Afro-Brazilian calundureiras in the 1700s

Afro-Brazilian calundeiras as leaders of resistance to oppression

In the 1700s the colonial church and state made a concerted effort to suppress African religions, even though they had assimilated catholic elements. The Inquisition arrested and tried a large number of African calundeiros. [Mello, 322]

 In Paracatu, the Africans celebrated the acotundá dance, or Tunda. In the center of the room they set an image of a black god who had come "from the land of Coura" to make miracles in Paracatú. Worshippers built an altar around him, placing jars of water, cooked and raw herbs and other offerings. They sang in Courá, a language of the Sudan (Sahel region of West Africa), and performed divinations. Caetana, a priestess from Minas, "said she was god, who made heaven and earth, the waters and stones." Colonial soldiers took these people prisoner in 1747. [Mello, 268-9]

The calundureira Luzia Pinta presided over divinatory dances, enthroned on her high cadeira, dressed in Angolan garb and a feather headdress. Unmarried, she was about 50, tall and heavy, with tribal marks on her cheeks.
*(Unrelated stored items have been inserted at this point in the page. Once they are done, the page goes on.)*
(* Let $q$ be a query with sensitivity $\Delta q$, let $k,\theta>0$, and let the random scale $b$ be such that $1/b$ is Gamma distributed with shape $k$ and scale $\theta$ (density $\frac{x^{k-1}e^{-x/\theta}}{\Gamma(k)\theta^k}$ for $x>0$). Then the R$^2$DP Laplace mechanism $\mathcal M_q(d,b)=q(d)+\mathrm{Lap}(b)$ satisfies $\big((k+1)\ln(1+\Delta q\,\theta)\big)$-differential privacy.
   Context: $\mathrm{Lap}(b)$ is the zero-mean Laplace distribution with density $\frac{1}{2b}e^{-|x|/b}$; the R$^2$DP Laplace mechanism draws the random scale $b$ (independently of the data) and then adds $\mathrm{Lap}(b)$ noise to $q(d)$. $\Delta q=\max|q(d)-q(d')|$ over datasets $d,d'$ differing in one individual's data. A mechanism is $\epsilon$-differentially private if $\mathbb P(\mathcal M(d)\in S)\le e^\epsilon\mathbb P(\mathcal M(d')\in S)$ for all such $d,d'$ and measurable $S$. *)

theory Defs
  imports "HOL-Probability.Probability"
begin

definition gamma_density :: "real \<Rightarrow> real \<Rightarrow> real \<Rightarrow> real" where
  "gamma_density k \<theta> x =
     (if x > 0 then x powr (k - 1) * exp (- x / \<theta>) / (Gamma k * \<theta> powr k) else 0)"

text \<open>Zero-mean Laplace distribution Lap(b) with density exp(-|x|/b)/(2b), for b > 0.
  For b not positive (a null event in the theorem below) we use the point mass at 0,
  only to keep the kernel a probability measure everywhere.\<close>
definition laplace_measure :: "real \<Rightarrow> real measure" where
  "laplace_measure b =
     (if b > 0 then density lborel (\<lambda>x. ennreal (exp (- \<bar>x\<bar> / b) / (2 * b)))
      else return borel 0)"
(* Let $T$ be a tree on $n$ vertices, with vertex set $\{1,\dots,n\}$, and fix vertices $r$ and $a$ of $T$ (not necessarily distinct). Then $$0\le 2\sum_{b=1}^n d_{r,P_{a,b}}\le n(n-1).$$ The upper bound is achieved if and only if $T$ is a path on $n$ vertices and $r$ and $a$ are its two end vertices; the lower bound is achieved if and only if $r=a$.
   Context: $P_{a,b}$ denotes the unique path in $T$ between $a$ and $b$ (when $a=b$ it is the single vertex $a$). $d_{r,P_{a,b}}$ is the distance in $T$ from $r$ to the vertex of $P_{a,b}$ closest to $r$. *)

theory Defs
  imports Main
begin

definition graph_on :: "'a set \<Rightarrow> ('a \<Rightarrow> 'a \<Rightarrow> bool) \<Rightarrow> bool" where
  "graph_on V E \<longleftrightarrow> (\<forall>u v. E u v \<longrightarrow> u \<in> V \<and> v \<in> V) \<and> (\<forall>u v. E u v \<longrightarrow> E v u) \<and> (\<forall>v. \<not> E v v)"

definition walk :: "'a set \<Rightarrow> ('a \<Rightarrow> 'a \<Rightarrow> bool) \<Rightarrow> 'a list \<Rightarrow> bool" where
  "walk V E xs \<longleftrightarrow> xs \<noteq> [] \<and> set xs \<subseteq> V \<and> (\<forall>i. Suc i < length xs \<longrightarrow> E (xs ! i) (xs ! Suc i))"

definition connected_graph :: "'a set \<Rightarrow> ('a \<Rightarrow> 'a \<Rightarrow> bool) \<Rightarrow> bool" where
  "connected_graph V E \<longleftrightarrow> (\<forall>u\<in>V. \<forall>v\<in>V. \<exists>xs. walk V E xs \<and> hd xs = u \<and> last xs = v)"

definition is_cycle :: "'a set \<Rightarrow> ('a \<Rightarrow> 'a \<Rightarrow> bool) \<Rightarrow> 'a list \<Rightarrow> bool" where
  "is_cycle V E c \<longleftrightarrow> walk V E c \<and> distinct c \<and> length c \<ge> 3 \<and> E (last c) (hd c)"

definition is_tree :: "'a set \<Rightarrow> ('a \<Rightarrow> 'a \<Rightarrow> bool) \<Rightarrow> bool" where
  "is_tree V E \<longleftrightarrow> graph_on V E \<and> V \<noteq> {} \<and> connected_graph V E \<and> \<not> (\<exists>c. is_cycle V E c)"

definition tree_path :: "'a set \<Rightarrow> ('a \<Rightarrow> 'a \<Rightarrow> bool) \<Rightarrow> 'a \<Rightarrow> 'a \<Rightarrow> 'a list" where
  "tree_path V E a b = (THE p. walk V E p \<and> distinct p \<and> hd p = a \<and> last p = b)"

definition gdist :: "'a set \<Rightarrow> ('a \<Rightarrow> 'a \<Rightarrow> bool) \<Rightarrow> 'a \<Rightarrow> 'a \<Rightarrow> nat" where
  "gdist V E u v = (LEAST k. \<exists>xs. walk V E xs \<and> hd xs = u \<and> last xs = v \<and> length xs = Suc k)"

definition dist_to_path :: "'a set \<Rightarrow> ('a \<Rightarrow> 'a \<Rightarrow> bool) \<Rightarrow> 'a \<Rightarrow> 'a \<Rightarrow> 'a \<Rightarrow> nat" where
  "dist_to_path V E r a b = Min (gdist V E r ` set (tree_path V E a b))"

definition path_graph_with_ends :: "'a set \<Rightarrow> ('a \<Rightarrow> 'a \<Rightarrow> bool) \<Rightarrow> 'a \<Rightarrow> 'a \<Rightarrow> bool" where
  "path_graph_with_ends V E r a \<longleftrightarrow> (\<exists>p. distinct p \<and> set p = V \<and>
     (\<forall>u v. E u v \<longleftrightarrow> (\<exists>i. Suc i < length p \<and> {u, v} = {p ! i, p ! Suc i})) \<and>
     hd p = r \<and> last p = a)"

end

theory Submission
  imports Defs
begin

(*
  Write d b for d_{r,P_{a,b}} and N for the number of vertices.  Since a and b both lie on
  P_{a,b}, d b <= min (dist r a) (dist r b).  Along a geodesic r = w_0, ..., w_m = a the vertex
  w_j therefore contributes at most j, and each of the k = N - m - 1 remaining vertices at most m,
  which gives 2 * sum d + k (k + 1) <= N (N - 1).  Equality forces k = 0: the geodesic from r to a
  visits every vertex, and then the tree is this path, since any further edge would be a chord
  shortening the geodesic.  Conversely, on a path p_0 = r, ..., p_{N-1} = a the path P_{a,p_j} is
  p_j, ..., p_{N-1}, whose vertices are all at distance at least j from r.  Finally the sum
  vanishes iff d a = dist r a = 0, since P_{a,a} = a.
*)

section \<open>Walks and geodesics\<close>

lemma walk_iff_successively:
  "walk V E xs \<longleftrightarrow> xs \<noteq> [] \<and> set xs \<subseteq> V \<and> successively E xs"
  by (simp add: walk_def successively_conv_nth)

lemma walk_take:
  assumes "walk V E xs" "0 < n"
  shows "walk V E (take n xs)"
  using assms successively_append_iff[of E "take n xs" "drop n xs"]
  by (auto simp: walk_iff_successively dest: in_set_takeD)

lemma walk_drop:
  assumes "walk V E xs" "n < length xs"
  shows "walk V E (drop n xs)"
  using assms successively_append_iff[of E "take n xs" "drop n xs"]
  by (auto simp: walk_iff_successively dest: in_set_dropD)

lemma walk_rev:
  assumes "walk V E xs" "\<And>u v. E u v \<Longrightarrow> E v u"
  shows "walk V E (rev xs)"
  using assms by (auto simp: walk_iff_successively elim: successively_mono)

lemma walk_append:
  assumes "walk V E xs" "walk V E ys" "E (last xs) (hd ys)"
  shows "walk V E (xs @ ys)"
  using assms by (auto simp: walk_iff_successively successively_append_iff)

lemma walk_snocD:
  assumes "walk V E (xs @ [y])" "xs \<noteq> []"
  shows "walk V E xs" "E (last xs) y"
  using assms unfolding walk_iff_successively successively_append_iff by auto

lemma gdist_le_length:
  assumes "walk V E xs"
  shows "Suc (gdist V E (hd xs) (last xs)) \<le> length xs"
proof -
  have "gdist V E (hd xs) (last xs) \<le> length xs - 1"
    unfolding gdist_def using assms by (intro Least_le exI[of _ xs]) (auto simp: walk_def)
  then show ?thesis
    using assms by (cases xs) (auto simp: walk_def)
qed

lemma gdist_self: "u \<in> V \<Longrightarrow> gdist V E u u = 0"
  using gdist_le_length[of V E "[u]"] by (simp add: walk_def)

lemma gdist_hd_nth_le:
  assumes "walk V E xs" "j < length xs"
  shows "gdist V E (hd xs) (xs ! j) \<le> j"
proof -
  have "hd (take (Suc j) xs) = hd xs"
    by (cases xs) simp_all
  moreover have "last (take (Suc j) xs) = xs ! j"
    using assms(2) by (simp add: take_Suc_conv_app_nth)
  ultimately show ?thesis
    using gdist_le_length[OF walk_take[OF assms(1), of "Suc j"]] assms(2) by simp
qed

definition geodesic :: "'a set \<Rightarrow> ('a \<Rightarrow> 'a \<Rightarrow> bool) \<Rightarrow> 'a list \<Rightarrow> bool" where
  "geodesic V E xs \<longleftrightarrow> walk V E xs \<and> length xs = Suc (gdist V E (hd xs) (last xs))"

lemma geodesic_exists:
  assumes "connected_graph V E" "u \<in> V" "v \<in> V"
  obtains xs where "geodesic V E xs" "hd xs = u" "last xs = v"
proof -
  obtain xs where "walk V E xs" "hd xs = u" "last xs = v"
    using assms unfolding connected_graph_def by blast
  then have "\<exists>k xs. walk V E xs \<and> hd xs = u \<and> last xs = v \<and> length xs = Suc k"
    by (intro exI[of _ "length xs - 1"] exI[of _ xs]) (auto simp: walk_def)
  then have "\<exists>xs. walk V E xs \<and> hd xs = u \<and> last xs = v \<and> length xs = Suc (gdist V E u v)"
    unfolding gdist_def by (rule LeastI_ex)
  then show ?thesis
    using that unfolding geodesic_def by blast
qed

lemma gdist_eq_0_iff:
  assumes "connected_graph V E" "u \<in> V" "v \<in> V"
  shows "gdist V E u v = 0 \<longleftrightarrow> u = v"
proof
  assume "gdist V E u v = 0"
  moreover obtain xs where "geodesic V E xs" "hd xs = u" "last xs = v"
    using geodesic_exists[OF assms] .
  ultimately show "u = v"
    by (cases xs) (auto simp: geodesic_def)
qed (simp add: gdist_self assms)

lemma geodesic_length_le:
  assumes "geodesic V E xs" "walk V E ys" "hd ys = hd xs" "last ys = last xs"
  shows "length xs \<le> length ys"
  using assms gdist_le_length[of V E ys] by (simp add: geodesic_def)

lemma geodesic_distinct:
  assumes "geodesic V E xs"
  shows "distinct xs"
proof (rule ccontr)
  assume "\<not> distinct xs"
  then obtain ys y zs ws where xs: "xs = ys @ [y] @ zs @ [y] @ ws"
    using not_distinct_decomp by blast
  have "successively E ((ys @ [y]) @ (zs @ y # ws))"
    "successively E ((ys @ y # zs) @ (y # ws))" "set xs \<subseteq> V"
    using assms xs by (simp_all add: geodesic_def walk_iff_successively)
  then have "successively E (ys @ [y])" "successively E (y # ws)"
    unfolding successively_append_iff by blast+
  then have "walk V E (ys @ [y] @ ws)"
    using \<open>set xs \<subseteq> V\<close> xs
    by (auto simp: walk_iff_successively successively_append_iff successively_Cons)
  moreover have "hd (ys @ [y] @ ws) = hd xs" "last (ys @ [y] @ ws) = last xs"
    using xs by (cases ys; cases ws; simp)+
  ultimately have "length xs \<le> length (ys @ [y] @ ws)"
    by (rule geodesic_length_le[OF assms])
  then show False
    using xs by simp
qed

lemma geodesic_no_chord:
  assumes "geodesic V E xs" "Suc i < j" "j < length xs"
  shows "\<not> E (xs ! i) (xs ! j)"
proof
  assume chord: "E (xs ! i) (xs ! j)"
  let ?ys = "take (Suc i) xs @ drop j xs"
  have "last (take (Suc i) xs) = xs ! i" "hd (drop j xs) = xs ! j"
    using assms(2,3) by (simp_all add: take_Suc_conv_app_nth hd_drop_conv_nth)
  then have "walk V E ?ys"
    using assms chord by (intro walk_append walk_take walk_drop) (auto simp: geodesic_def)
  moreover have "hd ?ys = hd xs" "last ?ys = last xs"
    using assms(2,3) by (cases xs; simp)+
  ultimately have "length xs \<le> length ?ys"
    by (rule geodesic_length_le[OF assms(1)])
  then show False
    using assms(2,3) by simp
qed

section \<open>Unique paths in trees\<close>

lemma diverging_paths_imp_cycle:
  assumes sym: "\<And>u v. E u v \<Longrightarrow> E v u"
    and walks: "walk V E (x # ps)" "walk V E (x # qs)"
    and dist: "distinct (x # ps)" "distinct (x # qs)"
    and ne: "ps \<noteq> []" "qs \<noteq> []" and diverge: "hd ps \<noteq> hd qs"
    and meet: "set ps \<inter> set qs \<noteq> {}"
  shows "\<exists>c. is_cycle V E c"
proof -
  obtain p1 c ps' where ps: "ps = p1 @ c # ps'" "c \<in> set qs" "\<forall>y\<in>set p1. y \<notin> set qs"
    using meet split_list_first_prop[of ps "\<lambda>z. z \<in> set qs"] by blast
  obtain q1 qs' where qs: "qs = q1 @ c # qs'"
    using ps(2) split_list by metis
  let ?C = "(x # p1) @ rev (q1 @ [c])"
  have "walk V E ((x # p1) @ [c])"
    using walk_take[OF walks(1), of "length p1 + 2"] ps(1) by simp
  then have "walk V E (x # p1)" "E (last (x # p1)) c"
    unfolding walk_iff_successively successively_append_iff by auto
  moreover have "walk V E (rev (q1 @ [c]))"
    using walk_rev[OF walk_take[OF walk_drop[OF walks(2), of 1], of "Suc (length q1)"] sym] qs
    by simp
  ultimately have "walk V E ?C"
    by (intro walk_append) simp_all
  moreover have "distinct ?C"
    using dist ps qs by auto
  moreover have "3 \<le> length ?C"
    using diverge ps(1) qs by (cases p1; cases q1) auto
  moreover have "E (last ?C) (hd ?C)"
    using walks(2) ne sym qs by (cases q1) (auto simp: walk_iff_successively successively_Cons)
  ultimately show ?thesis
    unfolding is_cycle_def by blast
qed

lemma acyclic_distinct_walks_eq:
  assumes acyclic: "\<not> (\<exists>c. is_cycle V E c)" and sym: "\<And>u v. E u v \<Longrightarrow> E v u"
  shows "walk V E p \<Longrightarrow> walk V E q \<Longrightarrow> distinct p \<Longrightarrow> distinct q
    \<Longrightarrow> hd p = hd q \<Longrightarrow> last p = last q \<Longrightarrow> p = q"
proof (induction p arbitrary: q)
  case Nil
  then show ?case by (simp add: walk_def)
next
  case (Cons x ps)
  obtain qs where q: "q = x # qs"
    using Cons.prems by (cases q) (auto simp: walk_def)
  consider "ps = [] \<or> qs = []" | "ps \<noteq> []" "qs \<noteq> []" "hd ps = hd qs" | "ps \<noteq> []" "qs \<noteq> []" "hd ps \<noteq> hd qs"
    by blast
  then show ?case
  proof cases
    case 1
    then show ?thesis
      using Cons.prems q by (metis distinct.simps(2) last.simps last_in_set list.sel(1))
  next
    case 2
    then have "ps = qs"
      using Cons.prems q by (intro Cons.IH) (auto dest: walk_drop[of _ _ _ 1])
    then show ?thesis
      using q by simp
  next
    case 3
    then have "last ps \<in> set ps \<inter> set qs"
      using Cons.prems q by (metis IntI last.simps last_in_set)
    then show ?thesis
      using diverging_paths_imp_cycle[OF sym Cons.prems(1) _ Cons.prems(3)] Cons.prems(2,4) q 3 acyclic
      by blast
  qed
qed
Then, as two Angolan women sang and drummers played for hours, she danced. Luzia entered trance with great trembling, and as the "winds" entered her ears, she prophesied and answered questions. 

She laid people on the ground and leaped over them several times to cure them. Sometimes she carried a dagger in her hand and prescribed forest leaves to the sick. She untied a belt and whirled it in the air, and gave emetic drinks to get rid of sorceries.

Luzia told one slavemaster that the reason a woman had stolen money from him was that he was sleeping with her and not giving anything to her. [267] 

Several people denounced the Angolan priestess to the Inquisition. They arrested her in 1742 and sent her to Lisbon, where the inquisitors locked her down in the "secret cells" as a hard case. They tortured her as she called on San Antonio, trying to make her confess to a pact with the devil. (So, she belonged to the Antoniados movemen founded by Kimpa Vita, some 30 years before in Congo.) Luzia Pinta had to appear in an auto-da-fe and was banished for 4 years. [Mello, 352-7]

Source: Laura de Mello e Souza, O Diablo e a Terra de Santa Cruz: Feitiçaria e Religiosidade Popular no Brasil Colonial, São Paolo: Companhia das Letras, 1987

The religion referred to as calundu in the 1700s later became known as Candomblé, with variations Umbanda and Macumba. These communities were presided over by priestesses known as maes de santo, "mothers of the holy." The impressive woman in this photo is identified as Mae Senhora, "lady mother."